The condenser 3 is connected to a heating water circuit line 9, wherein the heating water return according to the flow arrow lo first the condenser 3 is fed. From there, the line 9 leads to one provided in the internal combustion engine 7 Oil cooler 11, from there to the cooling water cooling 12 of the engine 7 and from there to one Exhaust gas heat exchanger 13 of the engine, through which its exhaust gases via an exhaust gas manifold 14 and then released into the atmosphere. In line 9 a heating water circulation pump 15 is connected in front of the condenser 3, which directly is coupled to the shaft 8 of the internal combustion engine 7, that is, driven by the latter will. In a bypass line 16 that bridges the heating water circulation pump Overpressure safety valve 17 switched.

The evaporator 5 of the heat pump 1 is used to evaporate the refrigerant required heat is supplied by brine circulated in a brine circuit 18. at the brine is water with an anti-freeze, such as glycol. The brine circuit 18 is essentially an outside air brine heat exchanger 19, a brine circuit line passed through this and through the evaporator 5 20, a brine circulating pump 21 connected to the line 20 and one to the line 20 connected hydraulic motor 22 with outside air fan 23 is formed. The brine circulation pump is coupled directly to the shaft 8 of the internal combustion engine 7. It pumps the brine accordingly the flow direction arrow 24 through the'hydromotor 22, with which again directly the outside air fan -23 is coupled. From there, the brine flows through the outside air-brine heat exchanger 19, which extracts heat from the outside air, thereby improving the heat transfer is that the outside air by means of the outside air fan 23 in the air flow over the Heat exchanger 19 is performed. From there, the heated brine flows through the evaporator 5, where it gives off its heat to the refrigerant. The brine then flows back to the circulation pump 21. The heating water comes with a return temperature of around So0 C in front of the condenser 3, which it leaves with a temperature of 640 C. Behind the oil cooler 11 and the cooling water cooling system 12 of the internal combustion engine 7 have the water a temperature of approx. in the heating water circuit. 680 C in the exhaust gas heat exchanger 13 is increased to 700 C. As can be seen from these exemplary temperature data is, the heating water is about 70% of the heat energy in the condenser 3 of the heat pump 1, while the remaining 30% comes from the waste heat of the internal combustion engine 7 coming.

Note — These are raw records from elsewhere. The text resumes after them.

lemma dim_Un_add_dim_Int_span:
  assumes "finite U" "finite W"
  shows "dim (U \<union> W) + dim (span U \<inter> span W) = dim U + dim W"
proof -
  obtain B where B: "B \<subseteq> span U \<inter> span W" "independent B" "span U \<inter> span W \<subseteq> span B"
    by (rule basis_exists[of "span U \<inter> span W"]) auto
  obtain C where C: "B \<subseteq> C" "C \<subseteq> span U" "independent C" "span U \<subseteq> span C"
    using maximal_independent_subset_extend[of B "span U"] B(1,2) by auto
  obtain D where D: "B \<subseteq> D" "D \<subseteq> span W" "independent D" "span W \<subseteq> span D"
    using maximal_independent_subset_extend[of B "span W"] B(1,2) by auto
  have fin: "finite C" "finite D"
    using independent_span_bound[OF assms(1) C(3,2)] independent_span_bound[OF assms(2) D(3,2)]
    by simp_all
  have span_C: "span C = span U" and span_D: "span D = span W"
    using span_mono[OF C(2)] C(4) span_mono[OF D(2)] D(4) by (simp_all add: span_span)
  have "span U \<inter> span W \<subseteq> span (C \<inter> D)"
    using B(3) C(1) D(1) span_mono[of B "C \<inter> D"] by blast
  then have CD: "independent (C \<union> D)"
    using independent_Un_of_span_Int[OF C(3) D(3) fin(2)] span_C span_D by simp
  have "dim (U \<union> W) = card (C \<union> D)"
    by (rule dim_eq_card[OF _ CD]) (simp add: span_Un span_C span_D)
  moreover have "dim (span U \<inter> span W) = card (C \<inter> D)"
    using C D \<open>span U \<inter> span W \<subseteq> span (C \<inter> D)\<close>
    by (intro dim_unique[OF _ _ independent_mono[OF C(3)]]) auto
  moreover have "dim U = card C" "dim W = card D"
    using dim_eq_card[OF span_C C(3)] dim_eq_card[OF span_D D(3)] by simp_all
  ultimately show ?thesis
    using card_Un_Int[OF fin] by simp
qed

end

lemma vector_space_scaleF: "vector_space (scaleF :: 'f::field \<Rightarrow> ('c \<Rightarrow> 'f) \<Rightarrow> ('c \<Rightarrow> 'f))"
  by unfold_locales (simp_all add: scaleF_def fun_eq_iff distrib_left distrib_right)

interpretation vs: vector_space "scaleF :: 'f::field \<Rightarrow> ('c \<Rightarrow> 'f) \<Rightarrow> ('c \<Rightarrow> 'f)"
  by (rule vector_space_scaleF)

lemma fdim_singleton_zero: "fdim ({0} :: ('c \<Rightarrow> 'f::field) set) = 0"
  using vs.dim_span_eq_card_independent[OF vs.independent_empty]
  by (simp add: fdim_def)

lemma sum_fun_apply: "sum f A x = (\<Sum>a\<in>A. f a x)"
  by (induction A rule: infinite_finite_induct) auto

lemma span_indicators_eq_supported:
  assumes "finite E"
  shows "vs.span ((\<lambda>b. indicator {b}) ` E) = {v :: 'c \<Rightarrow> 'f::field. \<forall>x. v x \<noteq> 0 \<longrightarrow> x \<in> E}"
    (is "?span = ?supported")
proof
  show "?span \<subseteq> ?supported"
    by (rule vs.span_minimal) (auto simp: vs.subspace_def scaleF_def indicator_def, metis add.right_neutral)
  show "?supported \<subseteq> ?span"
  proof
    fix v assume v: "v \<in> ?supported"
    have "(\<Sum>b\<in>E. scaleF (v b) (indicator {b})) x = v x" for x
      using v assms by (cases "x \<in> E") (auto simp: sum_fun_apply scaleF_def indicator_def)
    then have "v = (\<Sum>b\<in>E. scaleF (v b) (indicator {b}))"
      by auto
    also have "\<dots> \<in> ?span"
      by (intro vs.span_sum vs.span_scale vs.span_base) auto
    finally show "v \<in> ?span" .
  qed
qed

lemma face_eq_or_dim_less:
  assumes "face C cdim inc a b"
  shows "a = b \<or> cdim a < cdim b"
proof -
  have "(\<lambda>y x. facet C cdim inc x y)\<^sup>*\<^sup>* a b" using assms by (simp add: face_def)
  then show ?thesis
    by (induction rule: rtranclp_induct) (auto simp: facet_def)
qed

lemma cl_facet_closed:
  assumes "b \<in> cl C cdim inc E" "facet C cdim inc b a"
  shows "a \<in> cl C cdim inc E"
  using assms by (auto simp: cl_def face_def facet_def intro: converse_rtranclp_into_rtranclp)

lemma cl_top_cells:
  assumes "E \<subseteq> ncells C cdim n" "a \<in> cl C cdim inc E" "cdim a = n"
  shows "a \<in> E"
  using assms face_eq_or_dim_less[of C cdim inc a] by (fastforce simp: cl_def ncells_def)

lemma chains_cl_top:
  assumes "E \<subseteq> ncells C cdim n"
  shows "chains cdim (cl C cdim inc E) n = {v. \<forall>x. v x \<noteq> 0 \<longrightarrow> x \<in> E}"
proof -
  have "a \<in> cl C cdim inc E \<and> cdim a = n \<longleftrightarrow> a \<in> E" for a
    using assms cl_top_cells[OF assms, of a] by (auto simp: ncells_def cl_def face_def)
  then show ?thesis by (auto simp: chains_def)
qed

lemma rcycles_Int:
  "rcycles C cdim inc (S \<inter> T) k = rcycles C cdim inc S k \<inter> rcycles C cdim inc T k"
  by (auto simp: rcycles_def chains_def)

lemma module_hom_bd: "module_hom scaleF scaleF (bd C inc)"
  unfolding module_hom_iff_linear Vector_Spaces.linear_iff
  by (simp add: vector_space_scaleF bd_def scaleF_def fun_eq_iff distrib_right sum.distrib
      sum_distrib_left mult.assoc)

(* Of the axioms of a regular CW complex the argument needs only these algebraic ones. *)
locale augmented_cell_complex =
  fixes C :: "'c set" and cdim :: "'c \<Rightarrow> nat" and inc :: "'c \<Rightarrow> 'c \<Rightarrow> 'f::field"
  assumes finite_cells: "finite C"
    and inc_nonzero: "inc b a \<noteq> 0 \<Longrightarrow> a \<in> C \<and> b \<in> C \<and> cdim a + 1 = cdim b"
    and inc_inc: "(\<Sum>a\<in>C. inc b a * inc a c) = 0"
    and inc_edge: "e \<in> C \<Longrightarrow> cdim e = 1 \<Longrightarrow> (\<Sum>a\<in>C. inc e a) = 0"
begin

lemma bd_bd: "bd C inc (bd C inc v) = (\<lambda>_. 0)"
proof
  fix c
  have "bd C inc (bd C inc v) c = (\<Sum>a\<in>C. \<Sum>b\<in>C. v b * inc b a * inc a c)"
    by (simp add: bd_def sum_distrib_right)
  also have "\<dots> = (\<Sum>b\<in>C. v b * (\<Sum>a\<in>C. inc b a * inc a c))"
    by (subst sum.swap) (simp add: sum_distrib_left mult.assoc)
  finally show "bd C inc (bd C inc v) c = 0"
    by (simp add: inc_inc)
qed

lemma aug_bd:
  assumes "v \<in> chains cdim S 1"
  shows "aug C (bd C inc v) = 0"
proof -
  have "aug C (bd C inc v) = (\<Sum>b\<in>C. v b * (\<Sum>a\<in>C. inc b a))"
    unfolding aug_def bd_def by (subst sum.swap) (simp add: sum_distrib_left)
  also have "\<dots> = 0"
    using assms by (intro sum.neutral) (auto simp: chains_def inc_edge)
  finally show ?thesis .
qed

lemma bd_chains_cl:
  assumes "v \<in> chains cdim (cl C cdim inc E) (Suc k)"
  shows "bd C inc v \<in> chains cdim (cl C cdim inc E) k"
  unfolding chains_def
proof (intro CollectI allI impI)
  fix a assume "bd C inc v a \<noteq> 0"
  then obtain b where "b \<in> C" "v b * inc b a \<noteq> 0"
    unfolding bd_def by (rule sum.not_neutral_contains_not_neutral)
  then have b: "b \<in> cl C cdim inc E" "cdim b = Suc k" "facet C cdim inc b a"
    using assms inc_nonzero[of b a] by (auto simp: chains_def facet_def)
  then show "a \<in> cl C cdim inc E \<and> cdim a = k"
    using cl_facet_closed[OF b(1,3)] by (simp add: facet_def)
qed

lemma bdries_cl_subset_rcycles:
  "bdries C cdim inc (cl C cdim inc E) k \<subseteq> rcycles C cdim inc (cl C cdim inc E) k"
  using bd_chains_cl aug_bd bd_bd by (auto simp: bdries_def rcycles_def)

lemma bd_indicator: "b \<in> C \<Longrightarrow> bd C inc (indicator {b}) = inc b"
  using finite_cells by (simp add: bd_def indicator_def fun_eq_iff)

lemma bdries_cl_top:
  assumes "E \<subseteq> ncells C cdim (Suc k)"
  shows "bdries C cdim inc (cl C cdim inc E) k = vs.span (inc ` E)"
proof -
  have "E \<subseteq> C" using assms by (auto simp: ncells_def)
  then have "finite E" using finite_cells finite_subset by blast
  have "bdries C cdim inc (cl C cdim inc E) k = bd C inc ` vs.span ((\<lambda>b. indicator {b}) ` E)"
    by (simp add: bdries_def chains_cl_top[OF assms] span_indicators_eq_supported[OF \<open>finite E\<close>])
  also have "\<dots> = vs.span (bd C inc ` (\<lambda>b. indicator {b}) ` E)"
    by (rule module_hom.span_image[OF module_hom_bd, symmetric])
  also have "bd C inc ` (\<lambda>b. indicator {b}) ` E = inc ` E"
    using \<open>E \<subseteq> C\<close> bd_indicator by (force simp: image_image)
  finally show ?thesis .
qed

lemma nu_top_eq_dim_Int:
  assumes "E1 \<subseteq> ncells C cdim (Suc k)" "E2 \<subseteq> ncells C cdim (Suc k)" "E1 \<inter> E2 = {}"
  shows "nu C cdim inc k E1 E2 = fdim (vs.span (inc ` E1) \<inter> vs.span (inc ` E2))"
proof -
  let ?A = "cl C cdim inc E1" and ?B = "cl C cdim inc E2"
  have "a \<notin> ?A \<inter> ?B" if "cdim a = Suc k" for a
    using that cl_top_cells[OF assms(1)] cl_top_cells[OF assms(2)] assms(3) by blast
  then have no_chains: "chains cdim (?A \<inter> ?B) (Suc k) = {\<lambda>_. 0}"
    by (auto simp: chains_def fun_eq_iff)
  have "bdries C cdim inc (?A \<inter> ?B) k = {0}"
    unfolding bdries_def no_chains by (simp add: bd_def zero_fun_def)
  moreover have "{z \<in> rcycles C cdim inc (?A \<inter> ?B) k.
      z \<in> bdries C cdim inc ?A k \<and> z \<in> bdries C cdim inc ?B k}
    = bdries C cdim inc ?A k \<inter> bdries C cdim inc ?B k"
    using bdries_cl_subset_rcycles[of E1 k] bdries_cl_subset_rcycles[of E2 k] rcycles_Int by blast
  ultimately show ?thesis
    by (simp add: nu_def Let_def fdim_singleton_zero bdries_cl_top assms(1,2))
qed

lemma mrank_add_mrank_eq:
  assumes "E1 \<union> E2 = ncells C cdim (Suc k)" "E1 \<inter> E2 = {}"
  shows "mrank inc E1 + mrank inc E2 = mrank inc (ncells C cdim (Suc k)) + nu C cdim inc k E1 E2"
proof -
  have "finite (ncells C cdim (Suc k))"
    using finite_cells by (simp add: ncells_def)
  then have "finite (inc ` E1)" "finite (inc ` E2)"
    using assms(1) by (metis finite_Un finite_imageI)+
  moreover have "nu C cdim inc k E1 E2 = vs.dim (vs.span (inc ` E1) \<inter> vs.span (inc ` E2))"
    using nu_top_eq_dim_Int[of E1 k E2] assms by (auto simp: fdim_def)
  ultimately show ?thesis
    using vs.dim_Un_add_dim_Int_span[of "inc ` E1" "inc ` E2"]
    unfolding mrank_def fdim_def assms(1)[symmetric] image_Un by linarith
qed

end

lemma regular_cw_imp_augmented_cell_complex:
  "regular_cw C cdim inc n \<Longrightarrow> augmented_cell_complex C cdim inc"
  by (auto simp: regular_cw_def augmented_cell_complex_def)

lemma k_separation_iff_conn_less:
  assumes "\<And>E1 E2. E1 \<union> E2 = E \<Longrightarrow> E1 \<inter> E2 = {} \<Longrightarrow> r E1 + r E2 = r E + conn E1 E2"
  shows "k_separation r E l E1 E2 \<longleftrightarrow>
    E1 \<union> E2 = E \<and> E1 \<inter> E2 = {} \<and> l \<le> card E1 \<and> l \<le> card E2 \<and> conn E1 E2 < l"
proof (cases "E1 \<union> E2 = E \<and> E1 \<inter> E2 = {}")
  case True
  then have "int (r E1) + int (r E2) = int (r E) + int (conn E1 E2)"
    using assms[of E1 E2] by simp
  then show ?thesis
    unfolding k_separation_def by linarith
qed (auto simp: k_separation_def)

lemma k_connected_iff_conn_ge:
  assumes "\<And>E1 E2. E1 \<union> E2 = E \<Longrightarrow> E1 \<inter> E2 = {} \<Longrightarrow> r E1 + r E2 = r E + conn E1 E2"
  shows "k_connected r E k \<longleftrightarrow> (\<forall>l. 1 \<le> l \<and> l < k \<longrightarrow>
    (\<forall>E1 E2. E1 \<union> E2 = E \<and> E1 \<inter> E2 = {} \<and> card E1 \<ge> l \<and> card E2 \<ge> l \<longrightarrow> conn E1 E2 \<ge> l))"
proof -
  have "\<And>l E1 E2. k_separation r E l E1 E2 \<longleftrightarrow>
    E1 \<union> E2 = E \<and> E1 \<inter> E2 = {} \<and> l \<le> card E1 \<and> l \<le> card E2 \<and> conn E1 E2 < l"
    using assms by (rule k_separation_iff_conn_less)
  then show ?thesis
    unfolding k_connected_def by (auto simp: not_less)
qed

In the brine circuit 18, a bypass valve 25 is connected, which the Brine circuit line 20 - based on the direction of circulation of the brine - upstream of the hydraulic motor 22 and before the evaporator 5 connects. This bypass valve 25 can be a function can be controlled by the outside air temperature by opening the valve at higher outside air temperatures something is always open and with falling outside air temperatures more and more is closed. The relaxation heat of the bypass Valve 25 is supplied to the evaporator 5 particularly effectively With speed regulation of the internal combustion engine ¢ compressor unit, and especially at high speed at low outside air temperatures and lower Speed at high outside air temperatures, the outside air fan 23 promotes in a desired manner particularly strong at low outside air temperatures.

L e r s e i t e

Claims (2)

Claims ½) consisting of an internal combustion engine heat pump unit from a heat pump, the compressor of which can be driven by an internal combustion engine and its evaporator is connected to a brine circuit in which an outside air-brine heat exchanger with outside air fan and a brine circulation pump are arranged, with a through the condenser of the heat pump and waste heat exchanger of the combustion engine guided heating circuit is provided, characterized in that the brine circulating pump (21) can be driven by the internal combustion engine (7) and that for driving the outside air fan (23) a hydraulic motor (22) connected to the brine circuit (18) is provided. 2. Unit according to claim 1, characterized in that the brine circuit Is designed to be adjustable in quantity.